French Roman Catholic saint

Louise de Marillac , also known as Louise Le Gras, (August 12, 1591 - March 15, 1660) was the co-founder, with Vincent de Paul, of the Daughters of Charity. She is venerated as a saint by the Catholic Church and the Episcopal Church in the United States of America.

==Early life==
Louise de Marillac was born out of wedlock on August 12, 1592 at Ferrières-en-Brie near Le Meux, now in the department of Oise, in Picardy, France. She never knew her mother. Louis de Marillac, Lord of Ferrires (1556–1604), claimed her as his natural daughter yet not his legal heir. Louis was a member of the prominent de Marillac family and was a widower at the time of Louise's birth. Her uncle, Michel de Marillac, was a major figure in the court of Queen Marie de' Medici and, though Louise was not a member of the Queen's court, she lived and worked among the French aristocracy. When her father married Antoinette Le Camus, she refused to accept Louise as part of their family. Thus Louise grew up amid the affluent society of Paris, but without a stable home life. Nevertheless, she was cared for and received an excellent education at the royal monastery of Poissy near Paris, where her aunt was a Dominican nun.

Louise remained at Poissy until her father's death, when she was twelve years old. She then stayed with a devout spinster, from whom she learned household management skills as well as the secrets of herbal medicine. Around the age of fifteen, Louise felt drawn to the cloistered life. She later made application to the Capuchin nuns in Paris but was refused admission. It is not clear if her refusal was for her continual poor health or other reasons, but her spiritual director assured her that God had "other plans" for her.

Devastated by this refusal, Louise was at a loss as to her next step. When she was 22, her family convinced her that marriage was the best alternative. Her uncle arranged for her to marry Antoine Le Gras, secretary to Queen Marie. Antoine was an ambitious young man who seemed destined for great accomplishments. Louise and Antoine were wed in the fashionable Church of St. Gervaise on February 5, 1613. In October, the couple had their only child, Michel. Louise grew to love Antoine and was an attentive mother to their son. Along with being devoted to her family, Louise was also active in ministry in her parish. She had a leading role in the Ladies of Charity, an organization of wealthy women dedicated to assisting those suffering from poverty and disease.

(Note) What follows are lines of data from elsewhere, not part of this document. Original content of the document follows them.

(* Let $W$ be an eventually periodic subset of $\mathbb{Z}^d$ with periods $u_1,\dots,u_d$, and let $\mathscr{W}_1,\mathcal{W}$ be as defined in the context. Suppose $\mathscr{W}_1\neq\emptyset$ and there exists a nonempty finite subset $\mathcal{M}\subseteq\mathbb{Z}^d$ such that: (1) $\pi$ restricted to $\mathcal{M}$ is injective; (2) $\pi(\mathcal{M}+(\mathcal{W}\cup\mathscr{W}_1))=\mathbb{Z}^d/\mathcal{L}$; (3) for every $m\in\mathcal{M}$ there exists $w\in\mathscr{W}_1$ such that $m+w\not\equiv m'+w'\pmod{\mathcal{L}}$ for all $m'\in\mathcal{M}\setminus\{m\}$ and all $w'\in\mathcal{W}\cup\mathscr{W}_1$. Then $W$ has a minimal complement in $\mathbb{Z}^d$.
   Context: $d\geqslant1$, $\mathbb{N}=\{0,1,2,\dots\}$. Let $u_1,\dots,u_d\in\mathbb{Z}^d$ satisfy no nontrivial $\mathbb{Z}$-linear relation, $\mathcal{L}=\mathbb{Z}u_1+\dots+\mathbb{Z}u_d$, $P=\mathbb{N}u_1+\dots+\mathbb{N}u_d$, $\pi:\mathbb{Z}^d\to\mathbb{Z}^d/\mathcal{L}$ the quotient map. A nonempty $X\subseteq\mathbb{Z}^d$ is eventually periodic with periods $u_1,\dots,u_d$ if $X\subseteq F+P$ for some nonempty finite $F\subseteq\mathbb{Z}^d$ and $x+P\subseteq X$ for all but finitely many $x\in X$. For such $W$: $\mathscr{W}=\{w\in W:w+P\not\subseteq W\}$; $\mathcal{W}=\{w\in W\setminus\mathscr{W}:(w-P)\cap(W\setminus\mathscr{W})=\{w\}\}$; $\mathscr{W}_1$ is the set of elements of $\mathscr{W}$ congruent modulo $\mathcal{L}$ to no element of $\mathcal{W}$. A nonempty $M\subseteq\mathbb{Z}^d$ is a complement of $W$ if $M+W=\mathbb{Z}^d$, and a minimal complement if no proper subset of $M$ is a complement of $W$. *)

theory Defs
  imports "HOL-Analysis.Analysis"
begin

text \<open>Z^d is modelled as int ^ 'd, with 'd a finite index type of cardinality d.
  The periods u_1..u_d are a family u indexed by 'd.\<close>

definition sumset :: "('a::plus) set \<Rightarrow> 'a set \<Rightarrow> 'a set" where
  "sumset A B = {a + b | a b. a \<in> A \<and> b \<in> B}"

definition lin_indep_Z :: "('d::finite \<Rightarrow> int ^ 'd) \<Rightarrow> bool" where
  "lin_indep_Z u \<longleftrightarrow> (\<forall>c :: 'd \<Rightarrow> int. (\<Sum>i\<in>UNIV. c i *s u i) = 0 \<longrightarrow> (\<forall>i. c i = 0))"

definition lattice :: "('d::finite \<Rightarrow> int ^ 'd) \<Rightarrow> (int ^ 'd) set" where
  "lattice u = {\<Sum>i\<in>UNIV. c i *s u i | c. True}"

definition cone :: "('d::finite \<Rightarrow> int ^ 'd) \<Rightarrow> (int ^ 'd) set" where
  "cone u = {\<Sum>i\<in>UNIV. c i *s u i | c. \<forall>i. c i \<ge> 0}"

text \<open>congruence modulo the lattice L (i.e. equal images under pi)\<close>
definition congL :: "('d::finite \<Rightarrow> int ^ 'd) \<Rightarrow> int ^ 'd \<Rightarrow> int ^ 'd \<Rightarrow> bool" where
  "congL u x y \<longleftrightarrow> x - y \<in> lattice u"

definition eventually_periodic :: "('d::finite \<Rightarrow> int ^ 'd) \<Rightarrow> (int ^ 'd) set \<Rightarrow> bool" where
  "eventually_periodic u X \<longleftrightarrow> X \<noteq> {} \<and>
     (\<exists>F. finite F \<and> F \<noteq> {} \<and> X \<subseteq> sumset F (cone u)) \<and>
     finite {x \<in> X. \<not> ((\<lambda>p. x + p) ` cone u \<subseteq> X)}"

definition scrW :: "('d::finite \<Rightarrow> int ^ 'd) \<Rightarrow> (int ^ 'd) set \<Rightarrow> (int ^ 'd) set" where
  "scrW u W = {w \<in> W. \<not> ((\<lambda>p. w + p) ` cone u \<subseteq> W)}"

definition calW :: "('d::finite \<Rightarrow> int ^ 'd) \<Rightarrow> (int ^ 'd) set \<Rightarrow> (int ^ 'd) set" where
  "calW u W = {w \<in> W - scrW u W. (\<lambda>p. w - p) ` cone u \<inter> (W - scrW u W) = {w}}"

definition scrW1 :: "('d::finite \<Rightarrow> int ^ 'd) \<Rightarrow> (int ^ 'd) set \<Rightarrow> (int ^ 'd) set" where
  "scrW1 u W = {w \<in> scrW u W. \<forall>v \<in> calW u W. \<not> congL u w v}"

definition is_complement :: "('a::plus) set \<Rightarrow> 'a set \<Rightarrow> bool" where
  "is_complement M W \<longleftrightarrow> M \<noteq> {} \<and> sumset M W = UNIV"

definition is_minimal_complement :: "('a::plus) set \<Rightarrow> 'a set \<Rightarrow> bool" where
  "is_minimal_complement M W \<longleftrightarrow> is_complement M W \<and> (\<forall>M'. M' \<subset> M \<longrightarrow> \<not> is_complement M' W)"

end

theory Submission
  imports Defs
begin

(* Let Z = \<M> + L. By hypothesis (2), Z is a complement of W; a minimal complement is Z - N
   for a maximal N \<subseteq> Z whose removal leaves a complement, and Zorn's lemma provides such N
   once the union of every chain of admissible sets is again admissible.
   A point x that is not congruent to any m + v with m \<in> \<M> and v \<in> calW has only finitely
   many representations x = z + w with z \<in> Z, w \<in> W: every such w lies in the finite set
   scrW, since each element of W - scrW lies above an element of calW in the cone order.
   Hence x stays covered when the union of a chain is removed.
   For x congruent to m + v with v \<in> calW, let w_m \<in> scrW1 be the witness of hypothesis (3)
   for m. The points congruent to m + w_m are of the first kind, hence stay covered. A
   representation of such a point pushed deep into the cone must use m itself and some
   s \<in> scrW congruent to w_m, and the periodicity of W above v then turns it into a
   representation of x. *)

definition lincomb :: "('d::finite \<Rightarrow> int ^ 'd) \<Rightarrow> ('d \<Rightarrow> int) \<Rightarrow> int ^ 'd" where
  "lincomb u c = (\<Sum>i\<in>UNIV. c i *s u i)"

lemma lincomb_add: "lincomb u a + lincomb u b = lincomb u (\<lambda>i. a i + b i)"
  by (simp add: lincomb_def sum.distrib vector_sadd_rdistrib)

lemma lincomb_diff: "lincomb u a - lincomb u b = lincomb u (\<lambda>i. a i - b i)"
  by (simp add: lincomb_def sum_subtractf vector_sub_rdistrib)

lemma lincomb_zero: "lincomb u (\<lambda>i. 0) = 0"
  by (simp add: lincomb_def)

lemma lincomb_inj:
  assumes "lin_indep_Z u" and "lincomb u a = lincomb u b"
  shows "a = b"
proof -
  have "lincomb u (\<lambda>i. a i - b i) = 0"
    using assms(2) lincomb_diff[of u a b] by simp
  then have "\<forall>i. a i - b i = 0"
    using assms(1)[unfolded lin_indep_Z_def, rule_format, of "\<lambda>i. a i - b i"]
    by (simp add: lincomb_def)
  then show ?thesis by auto
qed

lemma lattice_eq_range_lincomb: "lattice u = range (lincomb u)"
  by (auto simp: lattice_def lincomb_def)

lemma cone_eq_lincomb_nonneg: "cone u = {lincomb u c | c. \<forall>i. 0 \<le> c i}"
  by (auto simp: cone_def lincomb_def)

lemma zero_in_cone: "0 \<in> cone u"
  unfolding cone_eq_lincomb_nonneg using lincomb_zero[of u] by force

lemma cone_add: "p \<in> cone u \<Longrightarrow> q \<in> cone u \<Longrightarrow> p + q \<in> cone u"
  unfolding cone_eq_lincomb_nonneg by (auto simp: lincomb_add)

lemma cone_subset_lattice: "cone u \<subseteq> lattice u"
  unfolding cone_eq_lincomb_nonneg lattice_eq_range_lincomb by auto

lemma lattice_add: "p \<in> lattice u \<Longrightarrow> q \<in> lattice u \<Longrightarrow> p + q \<in> lattice u"
  unfolding lattice_eq_range_lincomb by (auto simp: lincomb_add)

lemma lattice_diff: "p \<in> lattice u \<Longrightarrow> q \<in> lattice u \<Longrightarrow> p - q \<in> lattice u"
  unfolding lattice_eq_range_lincomb by (auto simp: lincomb_diff)

lemma lattice_translate_into_cone: "x \<in> lattice u \<Longrightarrow> \<exists>q\<in>cone u. x + q \<in> cone u"
proof -
  assume "x \<in> lattice u"
  then obtain c where x: "x = lincomb u c"
    unfolding lattice_eq_range_lincomb by auto
  have "lincomb u (\<lambda>i. \<bar>c i\<bar>) \<in> cone u" and "x + lincomb u (\<lambda>i. \<bar>c i\<bar>) \<in> cone u"
    unfolding x lincomb_add cone_eq_lincomb_nonneg by auto
  then show ?thesis by blast
qed

lemma finite_lattice_translate_into_cone:
  "finite X \<Longrightarrow> X \<subseteq> lattice u \<Longrightarrow> \<exists>q\<in>cone u. \<forall>x\<in>X. x + q \<in> cone u"
proof (induction X rule: finite_induct)
  case empty
  then show ?case using zero_in_cone by blast
next
  case (insert x X)
  then obtain q where q: "q \<in> cone u" "\<forall>y\<in>X. y + q \<in> cone u" by auto
  obtain q' where q': "q' \<in> cone u" "x + q' \<in> cone u"
    using lattice_translate_into_cone insert.prems by blast
  have "\<forall>y\<in>insert x X. y + (q + q') \<in> cone u"
    using q q' cone_add by (metis add.assoc add.commute insert_iff)
  then show ?case using q(1) q'(1) cone_add by blast
qed

lemma congL_refl: "congL u x x"
  using zero_in_cone cone_subset_lattice by (fastforce simp: congL_def)

lemma congL_sym: "congL u x y \<Longrightarrow> congL u y x"
  using lattice_diff[of 0 u "x - y"] zero_in_cone cone_subset_lattice
  by (fastforce simp: congL_def)

lemma congL_trans: "congL u x y \<Longrightarrow> congL u y z \<Longrightarrow> congL u x z"
  using lattice_add[of "x - y" u "y - z"] by (simp add: congL_def)

lemma finite_scrW: "eventually_periodic u W \<Longrightarrow> finite (scrW u W)"
  unfolding eventually_periodic_def scrW_def by simp

lemma add_cone_mem_if_notin_scrW: "w \<in> W \<Longrightarrow> w \<notin> scrW u W \<Longrightarrow> p \<in> cone u \<Longrightarrow> w + p \<in> W"
  by (auto simp: scrW_def)

lemma coefficient_sum_bounded:
  fixes u :: "'d::finite \<Rightarrow> int ^ 'd"
  assumes indep: "lin_indep_Z u" and ep: "eventually_periodic u W"
  obtains B where "\<And>c. w - lincomb u c \<in> W \<Longrightarrow> sum c UNIV \<le> B"
proof -
  obtain F where F: "finite F" "W \<subseteq> sumset F (cone u)"
    using ep unfolding eventually_periodic_def by blast
  have "\<exists>b. \<forall>c q. (\<forall>i. 0 \<le> q i) \<longrightarrow> w - f = lincomb u (\<lambda>i. c i + q i) \<longrightarrow> sum c UNIV \<le> b"
    for f
  proof (cases "w - f \<in> lattice u")
    case True
    then obtain e where e: "w - f = lincomb u e"
      by (auto simp: lattice_eq_range_lincomb)
    have "sum c UNIV \<le> sum e UNIV"
      if "\<forall>i. 0 \<le> q i" "w - f = lincomb u (\<lambda>i. c i + q i)" for c q
    proof -
      have "e = (\<lambda>i. c i + q i)"
        using lincomb_inj[OF indep] e that(2) by simp
      then show ?thesis using that(1) by (simp add: sum_mono)
    qed
    then show ?thesis by blast
  next
    case False
    then show ?thesis by (auto simp: lattice_eq_range_lincomb)
  qed
  then obtain b where b: "\<And>f c q. \<forall>i. 0 \<le> q i \<Longrightarrow> w - f = lincomb u (\<lambda>i. c i + q i) \<Longrightarrow>
      sum c UNIV \<le> b f"
    by metis
  show thesis
  proof
    fix c assume "w - lincomb u c \<in> W"
    then obtain f q where f: "f \<in> F" and "\<forall>i. 0 \<le> q i" "w - lincomb u c = f + lincomb u q"
      using F(2) by (auto simp: sumset_def cone_eq_lincomb_nonneg)
    then have "sum c UNIV \<le> b f"
      by (intro b) (auto simp: lincomb_add[symmetric] algebra_simps)
    also have "\<dots> \<le> Max (b ` F)"
      using F(1) f by simp
    finally show "sum c UNIV \<le> Max (b ` F)" .
  qed
qed

lemma exists_max_coefficient_sum:
  fixes u :: "'d::finite \<Rightarrow> int ^ 'd"
  assumes indep: "lin_indep_Z u" and ep: "eventually_periodic u W"
    and w: "w \<in> W - scrW u W"
  obtains c where "\<forall>i. 0 \<le> c i" "w - lincomb u c \<in> W - scrW u W"
    and "\<And>c'. \<forall>i. 0 \<le> c' i \<Longrightarrow> w - lincomb u c' \<in> W - scrW u W \<Longrightarrow> sum c' UNIV \<le> sum c UNIV"
proof -
  define D where "D = {c. (\<forall>i. 0 \<le> c i) \<and> w - lincomb u c \<in> W - scrW u W}"
  obtain B where B: "\<And>c. w - lincomb u c \<in> W \<Longrightarrow> sum c UNIV \<le> B"
    using coefficient_sum_bounded[OF indep ep] by blast
  have "(\<lambda>i. 0) \<in> D"
    using w by (simp add: D_def lincomb_zero)
  moreover have "\<forall>c. c \<in> D \<longrightarrow> nat (sum c UNIV) < nat B + 1"
    using B by (auto simp: D_def le_imp_less_Suc nat_mono)
  ultimately obtain c where c: "c \<in> D"
    and c_max: "\<And>c'. c' \<in> D \<Longrightarrow> nat (sum c' UNIV) \<le> nat (sum c UNIV)"
    using Lattices_Big.ex_has_greatest_nat[of "\<lambda>c. c \<in> D" _ "\<lambda>c. nat (sum c UNIV)"]
    by blast
  have "0 \<le> sum c UNIV"
    using c by (simp add: D_def sum_nonneg)
  then have "sum c' UNIV \<le> sum c UNIV" if "c' \<in> D" for c'
    using c_max[OF that] by (simp add: nat_le_eq_zle)
  then show thesis
    using that c unfolding D_def by blast
qed

(* The element below w with maximal coefficient sum has nothing of W - scrW strictly below it. *)
lemma exists_calW_below:
  assumes indep: "lin_indep_Z u" and ep: "eventually_periodic u W"
    and w: "w \<in> W - scrW u W"
  shows "\<exists>v\<in>calW u W. w - v \<in> cone u"
proof -
  obtain c where c: "\<forall>i. 0 \<le> c i" "w - lincomb u c \<in> W - scrW u W"
    and c_max: "\<And>c'. \<forall>i. 0 \<le> c' i \<Longrightarrow> w - lincomb u c' \<in> W - scrW u W \<Longrightarrow>
      sum c' UNIV \<le> sum c UNIV"
    using exists_max_coefficient_sum[OF indep ep w] by blast
  define v where "v = w - lincomb u c"
  have "y = v" if y: "y \<in> W - scrW u W" "y \<in> (\<lambda>p. v - p) ` cone u" for y
  proof -
    obtain c' where c': "\<forall>i. 0 \<le> c' i" "y = v - lincomb u c'"
      using y(2) unfolding cone_eq_lincomb_nonneg by auto
    have "w - lincomb u (\<lambda>i. c i + c' i) = y"
      using c'(2) lincomb_add[of u c c'] by (simp add: v_def algebra_simps)
    then have "sum (\<lambda>i. c i + c' i) UNIV \<le> sum c UNIV"
      using y(1) c(1) c'(1) by (intro c_max) auto
    then have "sum c' UNIV = 0"
      using c'(1) by (simp add: sum.distrib antisym sum_nonneg)
    then have "c' = (\<lambda>i. 0)"
      using c'(1) by (auto simp: sum_nonneg_eq_0_iff)
    then show "y = v"
      using c'(2) by (simp add: lincomb_zero)
  qed
  moreover have "v \<in> (\<lambda>p. v - p) ` cone u"
    using zero_in_cone[of u] by force
  ultimately have "v \<in> calW u W"
    using c(2) unfolding calW_def v_def by blast
  moreover have "w - v \<in> cone u"
    using c(1) by (auto simp: v_def cone_eq_lincomb_nonneg)
  ultimately show ?thesis by blast
qed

==Family and personal troubles==
During civil unrest, her two uncles who held high rank within the government were imprisoned. One was publicly executed, and the other died in prison. Around 1621, Antoine contracted a chronic illness and eventually became bedridden. Louise nursed and cared for him and their child. In 1623, when illness was wasting Antoine, depression was overcoming Louise. In addition, she suffered for years with internal doubt and guilt for having not pursued the religious calling she had felt as a young woman. She was fortunate to have a wise and sympathetic counsellor, Francis de Sales, then in Paris, and then his friend, the Bishop of Belley.

==Decision on life==
In 1623, at 32, she wrote:

On the feast of Pentecost during Holy Mass or while I was praying in the church, my mind was completely freed of all doubt. I was advised that I should remain with my husband and that the time would come when I would be in the position to make vows of poverty, chastity and obedience and that I would be in a small community where others would do the same...I felt that it was God who was teaching me these things and that, believing there is a God, I should not doubt the rest.

She vowed not to remarry if her husband died before her. She also believed that she had received the insight that she would be guided to a new spiritual director whose face she was shown. When she happened to meet Vincent de Paul, she recognized him as the priest from her vision.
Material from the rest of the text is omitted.